As my guitar tab frustration demonstrated, when the underlying LLM is simply wrong about something, none of these protective layers provide any relief—they can only work around problems they can detect, not problems that look perfectly reasonable but are simply wrong.
Implications
LLMs are being used in a rapidly increasing number of scenarios, so understanding how they actually work is becoming essential. Many people and companies are misusing them by treating them as friendly, perfectly predictable and infallible sources of truth, simply because they don’t understand their limitations or how they really behave.
It’s interesting to understand these systems, but also critical. Companies are rushing to implement LLM-based systems for customer service, content generation, or even automated decision-making without accounting for the fundamental unpredictability. These projects risk expensive failures not because the technology lacks power, but because it lacks the reliability these applications require.
- McDonald’s Automated Order Taker pilot ended
- Air Canada found liable for bad chatbot advice
- Lawyers fined for submitting fake citations
- Builder.ai actually uses humans instead of AI
The key point of this entire article is this: The same probabilistic mechanism that gives LLMs their amazing power and versatility also ensures that they cannot be completely predictable, trustworthy, safe, and secure. It is dangerous to treat them as such.

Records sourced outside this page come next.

(* Let $\epsilon_{fp},\delta_{fp},\epsilon_{fn},\delta_{fn}\in(0,1)$, $n,m\ge1$, and let $Z_{nm}=(x_1,\dots,x_n)\sim\mathcal D_{nm}^n$ and $Z_{ano}=(x'_1,\dots,x'_m)\sim\mathcal D_{ano}^m$. Let $\hat y_{ad}$ be the combined predictor defined in the context and define its error rate (over non-abstained predictions) $$\mathrm{ERR}=\Pr_{(x,y)\sim\mathcal D}\big(\hat y_{ad}(x)\ne *\ \text{and}\ \hat y_{ad}(x)\ne y\big).$$ Then, with $\epsilon_{ad}=\max(\epsilon_{fp},\epsilon_{fn})$ and $\delta_{ad}=\delta_{fp}+\delta_{fn}$, $$\Pr_{Z_{nm},Z_{ano}}\Big[\hat\tau_{fn}<\hat\tau_{fp}\ \text{ or }\ \mathrm{ERR}\le\epsilon_{ad}\Big]\ \ge\ 1-\delta_{ad},$$ i.e. with probability at least $1-\delta_{ad}$ over the calibration data, whenever $\hat\tau_{fn}\ge\hat\tau_{fp}$ the error rate is at most $\epsilon_{ad}$.
   Context: Let $\mathcal X$ be a measurable space and $d:\mathcal X\to\mathbb R$ a fixed measurable anomaly-score function (independent of the calibration data). Let $\mathcal D$ be a distribution on $\mathcal X\times\{0,1\}$ (label $1$ = anomaly, $0$ = normal) with $0<\Pr(y=1)<1$; $\mathcal D_{nm}$ and $\mathcal D_{ano}$ are the conditional distributions of $x$ given $y=0$ and $y=1$. Assume the distributions of $d(x)$ under $\mathcal D_{nm}$ and under $\mathcal D_{ano}$ have no atoms. For $N\ge1$, $\epsilon,\delta\in(0,1)$: $F(k;N,\epsilon)=\sum_{i=0}^{k}\binom{N}{i}\epsilon^i(1-\epsilon)^{N-i}$, $F(-1;N,\epsilon)=0$, $k^*(N,\epsilon,\delta)=\max\{k\in\{-1,\dots,N\}:F(k;N,\epsilon)\le\delta\}$. Let $k^*_{fp}=k^*(n,\epsilon_{fp},\delta_{fp})$, $\hat\tau_{fp}$ = the $(k^*_{fp}+1)$-th largest of $d(x_1),\dots,d(x_n)$ ($0$-th largest $=+\infty$); $k^*_{fn}=k^*(m,\epsilon_{fn},\delta_{fn})$, $\hat\tau_{fn}$ = the $(k^*_{fn}+1)$-th smallest of $d(x'_1),\dots,d(x'_m)$ ($0$-th smallest $=-\infty$). Prediction sets: $C_{\hat\tau_{fp}}(x)=\{1\}$ if $d(x)\ge\hat\tau_{fp}$, else $\{0,1\}$; $C_{\hat\tau_{fn}}(x)=\{0,1\}$ if $d(x)\ge\hat\tau_{fn}$, else $\{0\}$. Combined set $C_{ad}(x)=C_{\hat\tau_{fn}}(x)\cap C_{\hat\tau_{fp}}(x)$, and $\hat y_{ad}(x)=1$ if $C_{ad}(x)=\{1\}$, $\hat y_{ad}(x)=0$ if $C_{ad}(x)=\{0\}$, and $\hat y_{ad}(x)=*$ (abstain) otherwise. *)

theory Defs
  imports "HOL-Probability.Probability"
begin

text \<open>Labels: True = anomaly (label 1), False = normal (label 0).\<close>

definition binom_cdf :: "int \<Rightarrow> nat \<Rightarrow> real \<Rightarrow> real" where
  "binom_cdf k N eps =
     (\<Sum>i\<in>{i. i \<le> N \<and> int i \<le> k}. real (N choose i) * eps ^ i * (1 - eps) ^ (N - i))"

The LLM success stories share a common pattern – they work WITH the nature of LLMs rather than against it. GitHub Copilot succeeds because developers naturally review code suggestions the same way they’d review any colleague’s work. Grammarly works because they emphasize collaboration. The failures occur when people assume LLMs are reliable, helpful, autonomous decision-makers rather than sophisticated pattern-matching tools that require human judgment.
I use multiple LLMs every day for a range of tasks. But I always treat them like a brilliant assistant who can sometimes rapidly produce impressive work but requires constant, careful supervision. Because I understand how they actually work.
Quick update: Don’t take it from me—consider OpenAI’s own recent research. In “Why Language Models Hallucinate” (September 2025), they confirm that hallucinations aren’t bugs to be fixed, but inevitable consequences of how LLMs are trained and evaluated.